**What to do**
Wherever the string "finite" turns up in the data, copy the whole line.

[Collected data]
###
lemma word_bits_inj: "length u = length v \<Longrightarrow> word_bits u = word_bits v \<Longrightarrow> u = v"
proof (induction u arbitrary: v)
  case (Cons a u)
  then obtain b v' where v: "v = b # v'" "length v' = length u" by (cases v) auto
  have e: "letter_bit a * 2 ^ length u + word_bits u = letter_bit b * 2 ^ length u + word_bits v'"
    using Cons.prems v by simp
  have "word_bits u < 2 ^ length u" "word_bits v' < 2 ^ length u"
    using word_bits_less[of u] word_bits_less[of v'] v by auto
  with e have "letter_bit a = letter_bit b"
    using letter_bit_le[of a] letter_bit_le[of b] by (cases "letter_bit a"; cases "letter_bit b") auto
  then have "a = b" by (cases a; cases b) auto
  with e Cons.IH v show ?case by simp
qed simp

lemma word_rank_inj: "word_rank u = word_rank v \<Longrightarrow> u = v"
  using length_le_if_word_rank_le[of u v] length_le_if_word_rank_le[of v u] word_bits_inj
  by (simp add: word_rank_def)
(* Let $k\ge 2$, $n=2^k$, and let $P$ be an isothetic drawing of the Horton set of $n$ points, with tree $T$, first level $T_1$ and slab $R$ as defined in the context. Then no two of the lines defined by the vertices of $T_1$ intersect inside $R$. Consequently, inside $R$ these lines are totally ordered from bottom to top, and this bottom-to-top order coincides with the left-to-right order of the corresponding vertices of $T_1$ in $T$.
   Context: For a finite set $S$ of points in the plane with pairwise distinct $x$-coordinates, list its points in increasing order of $x$-coordinate as $p_0,\dots,p_{|S|-1}$ and set $S_{\mathrm{even}}=\{p_0,p_2,\dots\}$, $S_{\mathrm{odd}}=\{p_1,p_3,\dots\}$. For point sets $X,Y$, $X$ is high above $Y$ if every line through two points of $X$ lies strictly above every point of $Y$ and every line through two points of $Y$ lies strictly below every point of $X$. A Horton set of $2^k$ points is defined recursively: a set $H$ of $2^k$ points, no three collinear, with pairwise distinct $x$-coordinates, such that for $k=0$ it is a single point and for $k\ge1$ both $H_{\mathrm{even}}$ and $H_{\mathrm{odd}}$ are Horton sets of $2^{k-1}$ points and $H_{\mathrm{odd}}$ is high above $H_{\mathrm{even}}$. An isothetic drawing of the Horton set of $n=2^k$ points is a Horton set of $n$ points all of whose points have integer coordinates. Let $P$ be such a set, with points $p_0,\dots,p_{n-1}$ sorted by $x$-coordinate. The tree $T$ is the complete rooted binary tree with root $P$ in which every vertex $Q$ with at least two points has left child $Q_{\mathrm{even}}$ and right child $Q_{\mathrm{odd}}$ (taken with respect to the $x$-order of $Q$). The left-to-right order of vertices of a given level of $T$ is their order in the standard planar drawing of $T$ in which each left child is placed before its sibling right child. For $0\le i\le k$, the $i$-th level $T_i$ is the set of vertices of $T$ consisting of exactly $2^i$ points. Each vertex of $T_1$ is a pair of points, and the line through them is called the line defined by that vertex. $R$ is the closed vertical slab bounded by the vertical lines through $p_{n/4}$ and $p_{3n/4-1}$. *)

theory Defs
  imports Complex_Main
begin
lemma integral_PiM_unif_sphere_dist_mult_inner:
  fixes u :: "'a::euclidean_space"
  assumes "finite I" "i \<in> I" "j \<in> I" "l \<in> I" and "norm u = 1"
  shows "(\<integral>U. ((U i - u) \<bullet> (U j - u)) * (U l \<bullet> u) \<partial>PiM I (\<lambda>_. unif_sphere))
           = - (of_bool (l = i) + of_bool (l = j)) * (\<integral>v. (v \<bullet> u)\<^sup>2 \<partial>unif_sphere)"
proof -
  let ?P = "PiM I (\<lambda>_. unif_sphere :: 'a measure)"
  have bounded: "integrable ?P f"
    if "f \<in> borel_measurable ?P" "\<And>U. \<forall>i\<in>I. norm (U i) \<le> 1 \<Longrightarrow> \<bar>f U\<bar> \<le> 1"
    for f :: "_ \<Rightarrow> real"
    by (rule integrable_PiM_unif_sphere_bounded[OF \<open>finite I\<close> that(1)]) (rule that(2))
  have abs_mult_le_1: "\<bar>a * b\<bar> \<le> 1" if "\<bar>a\<bar> \<le> 1" "\<bar>b\<bar> \<le> (1::real)" for a b
    using that by (simp add: abs_mult mult_le_one)
  have integrable: "integrable ?P (\<lambda>U. (U i \<bullet> U j) * (U l \<bullet> u))"
      "integrable ?P (\<lambda>U. (U i \<bullet> u) * (U l \<bullet> u))" "integrable ?P (\<lambda>U. (U j \<bullet> u) * (U l \<bullet> u))"
      "integrable ?P (\<lambda>U. U l \<bullet> u)"
    using assms by (auto intro!: bounded abs_mult_le_1 abs_inner_le_1)
  have "u \<bullet> u = 1" using assms(5) by (simp add: dot_square_norm)
  then have "(\<integral>U. ((U i - u) \<bullet> (U j - u)) * (U l \<bullet> u) \<partial>?P) =
      (\<integral>U. (U i \<bullet> U j) * (U l \<bullet> u) - (U i \<bullet> u) * (U l \<bullet> u) - (U j \<bullet> u) * (U l \<bullet> u) + U l \<bullet> u \<partial>?P)"
    by (intro Bochner_Integration.integral_cong)
       (simp_all add: inner_diff_left inner_diff_right inner_commute algebra_simps)
  also have "\<dots> = (\<integral>U. (U i \<bullet> U j) * (U l \<bullet> u) \<partial>?P) - (\<integral>U. (U i \<bullet> u) * (U l \<bullet> u) \<partial>?P)
      - (\<integral>U. (U j \<bullet> u) * (U l \<bullet> u) \<partial>?P) + (\<integral>U. U l \<bullet> u \<partial>?P)"
    using integrable by simp
  also have "\<dots> = - (if i = l then (\<integral>v. (v \<bullet> u)\<^sup>2 \<partial>unif_sphere) else 0)
      - (if j = l then (\<integral>v. (v \<bullet> u)\<^sup>2 \<partial>unif_sphere) else 0)"
    using assms
    by (simp add: unif_sphere.integral_PiM_inner_mult_inner_component_eq_0
                  unif_sphere.integral_PiM_inner_mult_inner_component
                  unif_sphere.integral_PiM_inner_component_eq_0)
  also have "\<dots> = - (of_bool (l = i) + of_bool (l = j)) * (\<integral>v. (v \<bullet> u)\<^sup>2 \<partial>unif_sphere)"
    by (simp add: algebra_simps eq_commute[of l])
  finally show ?thesis .
qed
###
**Output for this task**
   Context: For a finite set $S$ of points in the plane with pairwise distinct $x$-coordinates, list its points in increasing order of $x$-coordinate as $p_0,\dots,p_{|S|-1}$ and set $S_{\mathrm{even}}=\{p_0,p_2,\dots\}$, $S_{\mathrm{odd}}=\{p_1,p_3,\dots\}$. For point sets $X,Y$, $X$ is high above $Y$ if every line through two points of $X$ lies strictly above every point of $Y$ and every line through two points of $Y$ lies strictly below every point of $X$. A Horton set of $2^k$ points is defined recursively: a set $H$ of $2^k$ points, no three collinear, with pairwise distinct $x$-coordinates, such that for $k=0$ it is a single point and for $k\ge1$ both $H_{\mathrm{even}}$ and $H_{\mathrm{odd}}$ are Horton sets of $2^{k-1}$ points and $H_{\mathrm{odd}}$ is high above $H_{\mathrm{even}}$. An isothetic drawing of the Horton set of $n=2^k$ points is a Horton set of $n$ points all of whose points have integer coordinates. Let $P$ be such a set, with points $p_0,\dots,p_{n-1}$ sorted by $x$-coordinate. The tree $T$ is the complete rooted binary tree with root $P$ in which every vertex $Q$ with at least two points has left child $Q_{\mathrm{even}}$ and right child $Q_{\mathrm{odd}}$ (taken with respect to the $x$-order of $Q$). The left-to-right order of vertices of a given level of $T$ is their order in the standard planar drawing of $T$ in which each left child is placed before its sibling right child. For $0\le i\le k$, the $i$-th level $T_i$ is the set of vertices of $T$ consisting of exactly $2^i$ points. Each vertex of $T_1$ is a pair of points, and the line through them is called the line defined by that vertex. $R$ is the closed vertical slab bounded by the vertical lines through $p_{n/4}$ and $p_{3n/4-1}$. *)
  assumes "finite I" "i \<in> I" "j \<in> I" "l \<in> I" and "norm u = 1"
    by (rule integrable_PiM_unif_sphere_bounded[OF \<open>finite I\<close> that(1)]) (rule that(2))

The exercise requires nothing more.